A local, durable, observable job fabric for heterogeneous generative ML workloads.
Runs across a control node + one or more GPU nodes. Routes each job to a worker on whichever node hosts the matching ModelConfig. Persists state across restarts. Keeps enough history to replay / eval jobs against new model configs later.

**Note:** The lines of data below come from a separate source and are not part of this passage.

lemma act_fadd:
  assumes "finite {w. p w \<noteq> 0}" "finite {w. q w \<noteq> 0}"
  shows "act E (fadd p q) f X = act E p f X + act E q f X"
proof -
  let ?S = "{w. p w \<noteq> 0} \<union> {w. q w \<noteq> 0}"
  have "act E r f X = (\<Sum>w\<in>?S. r w * word_act E w f X)" if "r \<in> {p, q, fadd p q}" for r
    using that assms by (intro act_on_superset) (auto simp: fadd_def)
  then show ?thesis
    by (simp add: fadd_def ring_distribs sum.distrib)
qed

lemma act_zero_left [simp]: "act E (\<lambda>_. 0) f = (\<lambda>_. 0)"
  by (simp add: act_def fun_eq_iff)

lemma act_monom: "act E (monom c u) f X = c * word_act E u f X"
  by (subst act_on_superset[of "{u}"]) (auto simp: monom_def)

lemma act_comb: "act E (comb xs) f = (\<lambda>X. \<Sum>(c, u)\<leftarrow>xs. c * word_act E u f X)"
proof (induction xs)
  case Nil
  then show ?case by simp
next
  case (Cons x xs)
  moreover have "finite {w. monom c u w \<noteq> 0}" for c u
    by (rule finite_subset[of _ "{u}"]) (auto simp: monom_def)
  ultimately show ?case
    by (cases x) (simp add: comb_Cons act_fadd finite_comb_support act_monom fun_eq_iff)
qed

lemma act_fmul:
  assumes "finite {w. p w \<noteq> 0}" "finite {w. q w \<noteq> 0}"
  shows "act E (fmul p q) f = act E p (act E q f)"
proof -
  have prefix: "(\<Sum>(c, u)\<leftarrow>map (\<lambda>(d, v). (a * d, b @ v)) ys. c * word_act E u f X)
      = a * (\<Sum>(d, v)\<leftarrow>ys. d * word_act E b (word_act E v f) X)" for a b ys X
    by (induction ys) (auto simp: word_act_append algebra_simps)
  have "act E (comb (comb_mult xs ys)) f = act E (comb xs) (act E (comb ys) f)" for xs ys
    by (induction xs) (auto simp: comb_mult_Cons act_comb word_act_sum_list prefix[simplified] fun_eq_iff)
  with assms show ?thesis
    by (elim comb_of_finite_support) (simp add: fmul_comb)
qed

lemma act_zero: "act E p (\<lambda>_. 0) = (\<lambda>_. 0)"
  by (simp add: act_def word_act_zero fun_eq_iff)

lemma act_one: "act E (scal 1) f = f"
  by (simp add: scal_def act_comb)

lemma act_fsub:
  assumes "finite {w. p w \<noteq> 0}" "finite {w. q w \<noteq> 0}"
  shows "act E (fsub p q) f X = act E p f X - act E q f X"
proof -
  have "finite {w. fmul (scal (-1)) q w \<noteq> 0}"
    using assms(2) by (simp add: fmul_scal_left)
  then have "act E (fsub p q) f X = act E p f X + act E (scal (-1)) (act E q f) X"
    using assms finite_comb_support by (simp add: fsub_eq_fadd_neg act_fadd act_fmul scal_def)
  then show ?thesis
    by (simp add: scal_def act_comb)
qed

lemma rels_act: "r \<in> rels n \<Longrightarrow> act E r f X = 0"
proof -
  assume "r \<in> rels n"
  then consider
      i where "r = comb [(1, [T i, T i]), (1, [T i])]"
    | i j where "r = comb [(1, [T i, T j]), (-1, [T j, T i])]" "i + 1 < j \<or> j + 1 < i"
    | i where "r = comb [(1, [T i, T (i + 1), T i]), (-1, [T (i + 1), T i, T (i + 1)])]"
    | i j where "r = comb [(1, [C i, C j]), (1, [C j, C i])]" "i \<noteq> j"
    | i where "r = comb [(1, [C i, C i]), (1, [])]"
    | i j where "r = comb [(1, [T i, C j]), (-1, [C j, T i])]" "j \<noteq> i" "j \<noteq> i + 1"
    | i where "r = comb [(1, [T i, C i]), (-1, [C (i + 1), T i])]"
    | i where "r = comb [(1, [T i, C (i + 1)]), (1, [C (i + 1)]), (-1, [C i, T i]), (-1, [C i])]"
    unfolding rels_def by blast
  then show ?thesis
  proof cases
    case (2 i j)
    then have "T_act (eigen E i) i (T_act (eigen E j) j f) = T_act (eigen E j) j (T_act (eigen E i) i f)"
      by (intro ext) (metis T_act_commute Suc_eq_plus1)
    with 2 show ?thesis
      by (simp add: act_comb)
  next
    case (4 i j)
    then show ?thesis
      using C_act_anticommute[of i j f] by (simp add: act_comb)
  next
    case (8 i)
    then show ?thesis
      using T_act_C_act_Suc[of "eigen E i" i f] by (simp add: act_comb algebra_simps)
  qed (simp_all add: act_comb eigen_cases T_act_square T_act_braid C_act_square
      T_act_C_act_commute T_act_C_act)
qed

lemma Rideal_act: "x \<in> Rideal n \<Longrightarrow> act E x f X = 0"
proof (induction x arbitrary: f X rule: Rideal.induct)
  case (add x y)
  then show ?case
    by (simp add: act_fadd FA_finite_support[OF Rideal_subset_FA[OF add.hyps(1)]]
        FA_finite_support[OF Rideal_subset_FA[OF add.hyps(2)]])
next
  case (lmul a x)
  then have "act E x f = (\<lambda>_. 0)" for f
    by (simp add: fun_eq_iff)
  then show ?case
    by (simp add: act_fmul FA_finite_support[OF lmul.hyps(1)]
        FA_finite_support[OF Rideal_subset_FA[OF lmul.hyps(2)]] act_zero)
next
  case (rmul a x)
  then show ?case
    by (simp add: act_fmul FA_finite_support[OF rmul.hyps(1)]
        FA_finite_support[OF Rideal_subset_FA[OF rmul.hyps(2)]])
qed (simp_all add: rels_act)

definition epsilon :: vec where
  "epsilon X = (if X = {} then 1 else 0)"

lemma act_des_gen: "act E (des_gen D j) f X = T_act (eigen E j) j f X + (if j \<in> D then 1 else 0) * f X"
  by (simp add: des_gen_def act_comb)

lemma kerM_act_epsilon: "x \<in> kerM n E \<Longrightarrow> act E x epsilon X = 0"
proof (induction x arbitrary: X rule: kerM.induct)
  case (gen j)
  then show ?case
    by (auto simp: act_des_gen T_act_def epsilon_def eigen_def assign_def)
next
  case (add x y)
  then show ?case
    by (simp add: act_fadd FA_finite_support[OF kerM_subset_FA[OF add.hyps(1)]]
        FA_finite_support[OF kerM_subset_FA[OF add.hyps(2)]])
next
  case (lmul a x)
  then have "act E x epsilon = (\<lambda>_. 0)"
    by (simp add: fun_eq_iff)
  then show ?case
    by (simp add: act_fmul FA_finite_support[OF lmul.hyps(1)]
        FA_finite_support[OF kerM_subset_FA[OF lmul.hyps(2)]] act_zero)
qed (simp add: Rideal_act)
(* Let $A\in M_n(\mathbb{FT})$ and let $G$ be a unit of $M_n(\mathbb{T})$ with $G\otimes A=A\otimes G$. Then $G$ has exactly one eigenvalue.
   Context: $\mathbb{FT}$ is $\mathbb{R}$ with $a\oplus b=\max(a,b)$, $a\otimes b=a+b$; $\mathbb{T}=\mathbb{R}\cup\{-\infty\}$ with the obvious extensions. $M_n(\mathbb{FT})\subseteq M_n(\mathbb{T})$ are the $n\times n$ matrices with entries in these, multiplied by $(A\otimes B)_{i,j}=\bigoplus_k A_{i,k}\otimes B_{k,j}$. $M_n(\mathbb{T})$ is a monoid (identity: $0$ on diagonal, $-\infty$ elsewhere); its units are the matrices with exactly one entry different from $-\infty$ in each row and each column. A real number $\lambda$ is an eigenvalue of $G\in M_n(\mathbb{T})$ if $G\otimes x=\lambda\otimes x$ (i.e. $(G\otimes x)_i=\lambda+x_i$ for all $i$) for some $x\in\mathbb{T}^n$ not all of whose entries are $-\infty$. *)

theory Defs
  imports "HOL-Library.Extended_Real"
begin

text \<open>Tropical semiring T = R \<union> {-\<infinity>} is modelled inside ereal as the elements
  different from \<infinity>; FT = R is the finite ereals.\<close>

definition trop_elem :: "ereal \<Rightarrow> bool" where
  "trop_elem a \<longleftrightarrow> a \<noteq> \<infinity>"

definition trop_mat :: "('n::finite \<Rightarrow> 'n \<Rightarrow> ereal) \<Rightarrow> bool" where
  "trop_mat A \<longleftrightarrow> (\<forall>i j. trop_elem (A i j))"

definition ft_mat :: "('n::finite \<Rightarrow> 'n \<Rightarrow> ereal) \<Rightarrow> bool" where
  "ft_mat A \<longleftrightarrow> (\<forall>i j. A i j \<noteq> \<infinity> \<and> A i j \<noteq> -\<infinity>)"

definition trop_mult :: "('n::finite \<Rightarrow> 'n \<Rightarrow> ereal) \<Rightarrow> ('n \<Rightarrow> 'n \<Rightarrow> ereal) \<Rightarrow> ('n \<Rightarrow> 'n \<Rightarrow> ereal)" where
  "trop_mult A B = (\<lambda>i j. Max (range (\<lambda>k. A i k + B k j)))"

definition trop_mult_vec :: "('n::finite \<Rightarrow> 'n \<Rightarrow> ereal) \<Rightarrow> ('n \<Rightarrow> ereal) \<Rightarrow> ('n \<Rightarrow> ereal)" where
  "trop_mult_vec A x = (\<lambda>i. Max (range (\<lambda>k. A i k + x k)))"

definition trop_id :: "'n::finite \<Rightarrow> 'n \<Rightarrow> ereal" where
  "trop_id = (\<lambda>i j. if i = j then 0 else -\<infinity>)"

definition trop_unit :: "('n::finite \<Rightarrow> 'n \<Rightarrow> ereal) \<Rightarrow> bool" where
  "trop_unit G \<longleftrightarrow> trop_mat G \<and>
     (\<exists>H. trop_mat H \<and> trop_mult G H = trop_id \<and> trop_mult H G = trop_id)"

definition trop_eigenvalue :: "('n::finite \<Rightarrow> 'n \<Rightarrow> ereal) \<Rightarrow> real \<Rightarrow> bool" where
  "trop_eigenvalue G c \<longleftrightarrow> (\<exists>x. (\<forall>i. trop_elem (x i)) \<and> (\<exists>i. x i \<noteq> -\<infinity>) \<and>
     (\<forall>i. trop_mult_vec G x i = ereal c + x i))"

end

theory Submission
  imports Defs "HOL-Combinatorics.Cycles"
begin

text \<open>A tropical unit G is monomial: G i j = g i for j = \<sigma> i and -\<infinity> otherwise, with \<sigma> a
  permutation. The eigenvalues of such a matrix are the mean weights of the cycles of \<sigma>:
  following a finite coordinate of an eigenvector once around its cycle forces the eigenvalue,
  and averaging partial orbit sums over a period produces an eigenvector. Commutation with a
  finite matrix a gives g i + a (\<sigma> i) (\<sigma> j) = a i j + g j; summing along the orbits over a
  common period N of \<sigma> shows that all orbit sums of length N coincide, so all cycle means are
  equal.\<close>

lemma Max_range_eqI:
  fixes f :: "'a::finite \<Rightarrow> 'b::linorder"
  assumes "f k = v" and "\<And>k'. f k' \<le> v"
  shows "Max (range f) = v"
  using assms by (intro Max_eqI) auto

lemma ereal_add_eq_minf_iff:
  fixes a b :: ereal
  assumes "a \<noteq> \<infinity>" and "b \<noteq> \<infinity>"
  shows "a + b = -\<infinity> \<longleftrightarrow> a = -\<infinity> \<or> b = -\<infinity>"
  using assms by (cases a; cases b) auto

lemma trop_mult_id_offdiag:
  assumes "trop_mat G" and "trop_mat H" and "trop_mult G H = trop_id" and "i \<noteq> j"
  shows "G i k = -\<infinity> \<or> H k j = -\<infinity>"
proof -
  have "G i k + H k j \<le> trop_mult G H i j"
    unfolding trop_mult_def by (rule Max_ge) auto
  then have "G i k + H k j = -\<infinity>"
    using assms(3,4) by (simp add: trop_id_def)
  then show ?thesis
    using assms(1,2) by (simp add: ereal_add_eq_minf_iff trop_mat_def trop_elem_def)
qed

lemma trop_mult_id_diag:
  assumes "trop_mat G" and "trop_mat H" and "trop_mult G H = trop_id"
  obtains k where "G i k \<noteq> -\<infinity>" and "H k i \<noteq> -\<infinity>"
proof -
  have "trop_mult G H i i \<in> range (\<lambda>k. G i k + H k i)"
    unfolding trop_mult_def by (rule Max_in) auto
  moreover have "trop_mult G H i i = 0"
    using assms(3) by (simp add: trop_id_def)
  ultimately obtain k where "G i k + H k i = 0"
    by auto
  then have "G i k + H k i \<noteq> -\<infinity>"
    by simp
  then show thesis
    using assms(1,2) that by (auto simp add: ereal_add_eq_minf_iff trop_mat_def trop_elem_def)
qed

definition trop_monomial :: "('n \<Rightarrow> 'n) \<Rightarrow> ('n \<Rightarrow> real) \<Rightarrow> 'n \<Rightarrow> 'n \<Rightarrow> ereal" where
  "trop_monomial \<sigma> g = (\<lambda>i j. if j = \<sigma> i then ereal (g i) else -\<infinity>)"

lemma trop_unit_monomial:
  assumes "trop_unit G"
  obtains \<sigma> g where "inj \<sigma>" and "G = trop_monomial \<sigma> g"
proof -
  obtain H where G: "trop_mat G" and H: "trop_mat H"
    and GH: "trop_mult G H = trop_id" and HG: "trop_mult H G = trop_id"
    using assms unfolding trop_unit_def by blast
  have "\<forall>i. \<exists>k. G i k \<noteq> -\<infinity> \<and> H k i \<noteq> -\<infinity>"
    using trop_mult_id_diag[OF G H GH] by blast
  then obtain \<sigma> where G\<sigma>: "\<And>i. G i (\<sigma> i) \<noteq> -\<infinity>" and H\<sigma>: "\<And>i. H (\<sigma> i) i \<noteq> -\<infinity>"
    by metis
  have support: "k = \<sigma> i" if "G i k \<noteq> -\<infinity>" for i k
    using trop_mult_id_offdiag[OF H G HG, of "\<sigma> i" k i] H\<sigma>[of i] that by blast
  have "inj \<sigma>"
  proof (rule injI)
    fix i i' assume "\<sigma> i = \<sigma> i'"
    then show "i = i'"
      using trop_mult_id_offdiag[OF G H GH, of i' i "\<sigma> i'"] G\<sigma>[of i'] H\<sigma>[of i] by auto
  qed
  moreover have "G = trop_monomial \<sigma> (\<lambda>i. real_of_ereal (G i (\<sigma> i)))"
  proof (intro ext)
    fix i j
    show "G i j = trop_monomial \<sigma> (\<lambda>i. real_of_ereal (G i (\<sigma> i))) i j"
    proof (cases "j = \<sigma> i")
      case True
      have "G i (\<sigma> i) \<noteq> \<infinity>"
        using G by (simp add: trop_mat_def trop_elem_def)
      then obtain r where "G i (\<sigma> i) = ereal r"
        using G\<sigma>[of i] by (cases "G i (\<sigma> i)") simp_all
      then show ?thesis
        using True by (simp add: trop_monomial_def)
    next
      case False
      then have "G i j = -\<infinity>"
        using support by blast
      then show ?thesis
        using False by (simp add: trop_monomial_def)
    qed
  qed
  ultimately show thesis
    using that by blast
qed

lemma trop_mult_vec_monomial:
  assumes "\<And>k. x k \<noteq> \<infinity>"
  shows "trop_mult_vec (trop_monomial \<sigma> g) x i = ereal (g i) + x (\<sigma> i)"
  unfolding trop_mult_vec_def
proof (rule Max_range_eqI)
  show "trop_monomial \<sigma> g i (\<sigma> i) + x (\<sigma> i) = ereal (g i) + x (\<sigma> i)"
    by (simp add: trop_monomial_def)
  show "trop_monomial \<sigma> g i k + x k \<le> ereal (g i) + x (\<sigma> i)" for k
    using assms[of k] by (cases "k = \<sigma> i"; cases "x k") (simp_all add: trop_monomial_def)
qed

lemma trop_mult_monomial_left:
  assumes "trop_mat A"
  shows "trop_mult (trop_monomial \<sigma> g) A i j = ereal (g i) + A (\<sigma> i) j"
proof -
  have "trop_mult (trop_monomial \<sigma> g) A i j = trop_mult_vec (trop_monomial \<sigma> g) (\<lambda>k. A k j) i"
    by (simp add: trop_mult_def trop_mult_vec_def)
  also have "\<dots> = ereal (g i) + A (\<sigma> i) j"
    using assms by (intro trop_mult_vec_monomial) (simp add: trop_mat_def trop_elem_def)
  finally show ?thesis .
qed

lemma trop_mult_monomial_right:
  assumes "inj \<sigma>" and "trop_mat A"
  shows "trop_mult A (trop_monomial \<sigma> g) i (\<sigma> j) = A i j + ereal (g j)"
  unfolding trop_mult_def
proof (rule Max_range_eqI)
  show "A i j + trop_monomial \<sigma> g j (\<sigma> j) = A i j + ereal (g j)"
    by (simp add: trop_monomial_def)
  show "A i k + trop_monomial \<sigma> g k (\<sigma> j) \<le> A i j + ereal (g j)" for k
  proof (cases "k = j")
    case False
    then have "trop_monomial \<sigma> g k (\<sigma> j) = -\<infinity>"
      using assms(1) by (simp add: trop_monomial_def inj_eq)
    moreover have "A i k \<noteq> \<infinity>"
      using assms(2) by (simp add: trop_mat_def trop_elem_def)
    ultimately show ?thesis
      by (cases "A i k") simp_all
  qed (simp add: trop_monomial_def)
qed

lemma trop_monomial_commute_eq:
  assumes "inj \<sigma>"
    and "trop_mult (trop_monomial \<sigma> g) (\<lambda>i j. ereal (a i j)) =
         trop_mult (\<lambda>i j. ereal (a i j)) (trop_monomial \<sigma> g)"
  shows "g i + a (\<sigma> i) (\<sigma> j) = a i j + g j"
proof -
  have a: "trop_mat (\<lambda>i j. ereal (a i j))"
    by (simp add: trop_mat_def trop_elem_def)
  have "ereal (g i) + ereal (a (\<sigma> i) (\<sigma> j)) = ereal (a i j) + ereal (g j)"
    using trop_mult_monomial_left[OF a, of \<sigma> g i "\<sigma> j"]
      trop_mult_monomial_right[OF assms(1) a, of g i j] assms(2) by simp
  then show ?thesis
    by simp
qed

definition orbit_sum :: "('n \<Rightarrow> 'n) \<Rightarrow> ('n \<Rightarrow> real) \<Rightarrow> 'n \<Rightarrow> nat \<Rightarrow> real" where
  "orbit_sum \<sigma> g i m = (\<Sum>t<m. g ((\<sigma> ^^ t) i))"

lemma orbit_sum_0 [simp]: "orbit_sum \<sigma> g i 0 = 0"
  by (simp add: orbit_sum_def)

lemma orbit_sum_Suc: "orbit_sum \<sigma> g i (Suc m) = orbit_sum \<sigma> g i m + g ((\<sigma> ^^ m) i)"
  by (simp add: orbit_sum_def)

lemma orbit_sum_Suc_shift: "orbit_sum \<sigma> g i (Suc m) = g i + orbit_sum \<sigma> g (\<sigma> i) m"
  unfolding orbit_sum_def
  by (simp add: sum.lessThan_Suc_shift funpow_Suc_right del: sum.lessThan_Suc funpow.simps)

lemma orbit_sum_coboundary:
  assumes "\<And>i j. g i + a (\<sigma> i) (\<sigma> j) = a i j + g j"
  shows "a ((\<sigma> ^^ m) i) ((\<sigma> ^^ m) j) - a i j = orbit_sum \<sigma> g j m - orbit_sum \<sigma> g i m"
proof (induction m)
  case (Suc m)
  have "a ((\<sigma> ^^ Suc m) i) ((\<sigma> ^^ Suc m) j)
      = a ((\<sigma> ^^ m) i) ((\<sigma> ^^ m) j) + g ((\<sigma> ^^ m) j) - g ((\<sigma> ^^ m) i)"
    using assms[of "(\<sigma> ^^ m) i" "(\<sigma> ^^ m) j"] by simp
  with Suc.IH show ?case
    by (simp add: orbit_sum_Suc)
qed simp

lemma orbit_sum_period_eq:
  assumes "\<sigma> ^^ N = id" and "\<And>i j. g i + a (\<sigma> i) (\<sigma> j) = a i j + g j"
  shows "orbit_sum \<sigma> g i N = orbit_sum \<sigma> g j N"
  using orbit_sum_coboundary[of g a \<sigma> N i j] assms by simp

lemma trop_eigenvalue_monomial_orbit_sum:
  assumes "\<sigma> ^^ N = id" and "trop_eigenvalue (trop_monomial \<sigma> g) c"
  obtains i where "real N * c = orbit_sum \<sigma> g i N"
proof -
  obtain x i where fin: "\<And>k. x k \<noteq> \<infinity>" and "x i \<noteq> -\<infinity>"
    and eig: "\<And>k. trop_mult_vec (trop_monomial \<sigma> g) x k = ereal c + x k"
    using assms(2) unfolding trop_eigenvalue_def trop_elem_def by blast
  then obtain r where r: "x i = ereal r"
    by (cases "x i") simp_all
  have step: "ereal (g k) + x (\<sigma> k) = ereal c + x k" for k
    using eig[of k] trop_mult_vec_monomial[of x, OF fin] by simp
  have orbit: "x ((\<sigma> ^^ m) i) = ereal (r + m * c - orbit_sum \<sigma> g i m)" for m
  proof (induction m)
    case (Suc m)
    let ?k = "(\<sigma> ^^ m) i"
    have "ereal (g ?k) + x (\<sigma> ?k) = ereal (c + (r + m * c - orbit_sum \<sigma> g i m))"
      using step[of ?k] Suc.IH by simp
    then have "x (\<sigma> ?k) = ereal (c + (r + m * c - orbit_sum \<sigma> g i m) - g ?k)"
      using fin[of "\<sigma> ?k"] by (cases "x (\<sigma> ?k)") simp_all
    then show ?case
      by (simp add: orbit_sum_Suc algebra_simps)
  qed (simp add: r)
  have "real N * c = orbit_sum \<sigma> g i N"
    using orbit[of N] r assms(1) by simp
  then show thesis
    by (rule that)
qed

lemma trop_eigenvalue_monomial_if_orbit_sums:
  assumes "\<sigma> ^^ N = id" and "N > 0" and sums: "\<And>i. orbit_sum \<sigma> g i N = real N * c"
  shows "trop_eigenvalue (trop_monomial \<sigma> g) c"
proof -
  \<comment> \<open>P m j is N-periodic in m by the hypothesis; averaging it over one period gives the eigenvector.\<close>
  define P where "P m j = orbit_sum \<sigma> g j m - real m * c" for m j
  define x where "x j = ereal ((\<Sum>m<N. P m j) / N)" for j
  have P_Suc: "P (Suc m) j = g j - c + P m (\<sigma> j)" for m j
    unfolding P_def by (simp add: orbit_sum_Suc_shift algebra_simps)
  have P_shift_sum: "(\<Sum>m<N. P (Suc m) j) = (\<Sum>m<N. P m j)" for j
  proof -
    have "(\<Sum>m<N. P (Suc m) j) = (\<Sum>m<Suc N. P m j) - P 0 j"
      using sum.lessThan_Suc_shift[of "\<lambda>m. P m j" N] by (simp del: sum.lessThan_Suc)
    also have "\<dots> = (\<Sum>m<N. P m j)"
      using sums[of j] by (simp add: P_def)
    finally show ?thesis .
  qed
  have P_sum: "(\<Sum>m<N. P m (\<sigma> j)) = (\<Sum>m<N. P m j) - N * (g j - c)" for j
  proof -
    have "(\<Sum>m<N. P m (\<sigma> j)) = (\<Sum>m<N. P (Suc m) j - (g j - c))"
      by (simp add: P_Suc)
    also have "\<dots> = (\<Sum>m<N. P m j) - N * (g j - c)"
      by (simp add: sum_subtractf P_shift_sum)
    finally show ?thesis .
  qed
  show ?thesis
    unfolding trop_eigenvalue_def
  proof (intro exI conjI allI)
    show "trop_elem (x i)" for i
      by (simp add: x_def trop_elem_def)
    show "x undefined \<noteq> -\<infinity>"
      by (simp add: x_def)
    show "trop_mult_vec (trop_monomial \<sigma> g) x j = ereal c + x j" for j
      using trop_mult_vec_monomial[of x \<sigma> g j] P_sum[of j] assms(2)
      by (simp add: x_def field_simps)
  qed
qed

theorem lemma7p6:
  fixes A G :: "'n::finite \<Rightarrow> 'n \<Rightarrow> ereal"
  assumes "ft_mat A" and "trop_unit G" and "trop_mult G A = trop_mult A G"
  shows "\<exists>!c::real. trop_eigenvalue G c"
proof -
  obtain \<sigma> g where "inj \<sigma>" and G: "G = trop_monomial \<sigma> g"
    using trop_unit_monomial[OF assms(2)] .
  define a where "a i j = real_of_ereal (A i j)" for i j
  have "A = (\<lambda>i j. ereal (a i j))"
  proof (intro ext)
    fix i j
    show "A i j = ereal (a i j)"
      using assms(1) unfolding ft_mat_def a_def by (cases "A i j") auto
  qed
  then have comm: "g i + a (\<sigma> i) (\<sigma> j) = a i j + g j" for i j
    using trop_monomial_commute_eq[OF \<open>inj \<sigma>\<close>] assms(3) G by simp
  have "permutation \<sigma>"
    using \<open>inj \<sigma>\<close> by (simp add: permutation bij_def finite_UNIV_inj_surj)
  then obtain N where N: "\<sigma> ^^ N = id" "N > 0"
    by (rule permutation_is_nilpotent)
  define c where "c = orbit_sum \<sigma> g undefined N / N"
  have sums: "orbit_sum \<sigma> g i N = real N * c" for i
  proof -
    have "orbit_sum \<sigma> g i N = orbit_sum \<sigma> g undefined N"
      using N(1) comm by (rule orbit_sum_period_eq)
    then show ?thesis
      using N(2) by (simp add: c_def)
  qed
  show ?thesis
  proof
    show "trop_eigenvalue G c"
      unfolding G using N sums by (rule trop_eigenvalue_monomial_if_orbit_sums)
    fix c' assume "trop_eigenvalue G c'"
    then obtain i where "real N * c' = orbit_sum \<sigma> g i N"
      unfolding G using N(1) trop_eigenvalue_monomial_orbit_sum by blast
    with sums[of i] N(2) show "c' = c"
      by simp
  qed
qed

end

- Submit jobs of varied types:
text.*,image.*,video.*,audio.*,cpu.*,external.*,eval.*. - Track lifecycle (
queued → leased → running → succeeded | failed | canceled | dead_lettered), retry on transient failures, dead-letter on persistent ones. - Per-config Redis streams + an embedded per-node dispatcher that leases jobs atomically and IPC-dispatches to a local worker. v0 picks the first matching local worker; scoring (warm-model affinity, capacity, fairness) is deferred until contention shows up.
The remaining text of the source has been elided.